Collect all lines from the records below that include the word "thesis".

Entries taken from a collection
--------------------

theorem theorem3p2:
  fixes A :: "'a::complex_hilbert \<Rightarrow> 'a"
    and f g :: 'a
    and u v :: "nat \<Rightarrow> 'a"
    and fN :: "nat \<Rightarrow> nat \<Rightarrow> complex"
  assumes "compact_op A"
    and "inj A"
    and "A f = g"
    and "orthonormal_basis {1..} u"
    and "orthonormal_basis {1..} v"
    and "(\<lambda>N. normCN N (\<lambda>i. mat_app N (sec_mat A u v) (fN N) i - sec_vec v g i)) \<longlonglongrightarrow> 0"
    and "bdd_above (range (\<lambda>N. norm (synth N u (fN N))))"
  shows "(\<lambda>N. norm (g - A (synth N u (fN N)))) \<longlonglongrightarrow> 0 \<and>
         (\<forall>\<eta>. (\<lambda>N. cinner \<eta> (f - synth N u (fN N))) \<longlonglongrightarrow> 0)"
proof -
  define w where "w N = synth N u (fN N) - f" for N
  have lin: "clinear A"
    using assms(1) by (simp add: compact_op_def)
  have Aw: "A (w N) = A (synth N u (fN N)) - g" for N
    using assms(3) by (simp add: w_def clinear_diff[OF lin])
  obtain B0 where B0: "\<And>N. norm (synth N u (fN N)) \<le> B0"
    using assms(7) by (auto simp: bdd_above_def)
  have B: "norm (w N) \<le> B0 + norm f" for N
    using norm_triangle_ineq4[of "synth N u (fN N)" f] B0[of N] unfolding w_def by linarith
  have "(\<lambda>N. cinner (v i) (A (w N))) \<longlonglongrightarrow> 0" if "1 \<le> i" for i
    using finite_section_residual_coefficient_tendsto_0[OF lin that assms(6)] by (simp add: Aw)
  then have Aw0: "(\<lambda>N. A (w N)) \<longlonglongrightarrow> 0" and w0: "weakly_tendsto w 0"
    using compact_injective_weakly_null[OF assms(1,2,4,5) B] by auto
  have "norm (g - A (synth N u (fN N))) = norm (A (w N))" for N
    by (simp add: Aw norm_minus_commute)
  with Aw0 have "(\<lambda>N. norm (g - A (synth N u (fN N)))) \<longlonglongrightarrow> 0"
    by (simp add: tendsto_norm_zero_iff)
  moreover have "(\<lambda>N. cinner \<eta> (f - synth N u (fN N))) \<longlonglongrightarrow> 0" for \<eta>
  proof -
    have "(\<lambda>N. - cinner \<eta> (w N)) \<longlonglongrightarrow> - 0"
      using w0 by (intro tendsto_minus) (simp add: weakly_tendsto_def)
    then show ?thesis
      by (simp add: w_def cinner_diff_right)
  qed
  ultimately show ?thesis
    by blast
qed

--------------------

→ RESULT OF THE EXERCISE:
    then show ?thesis
  ultimately show ?thesis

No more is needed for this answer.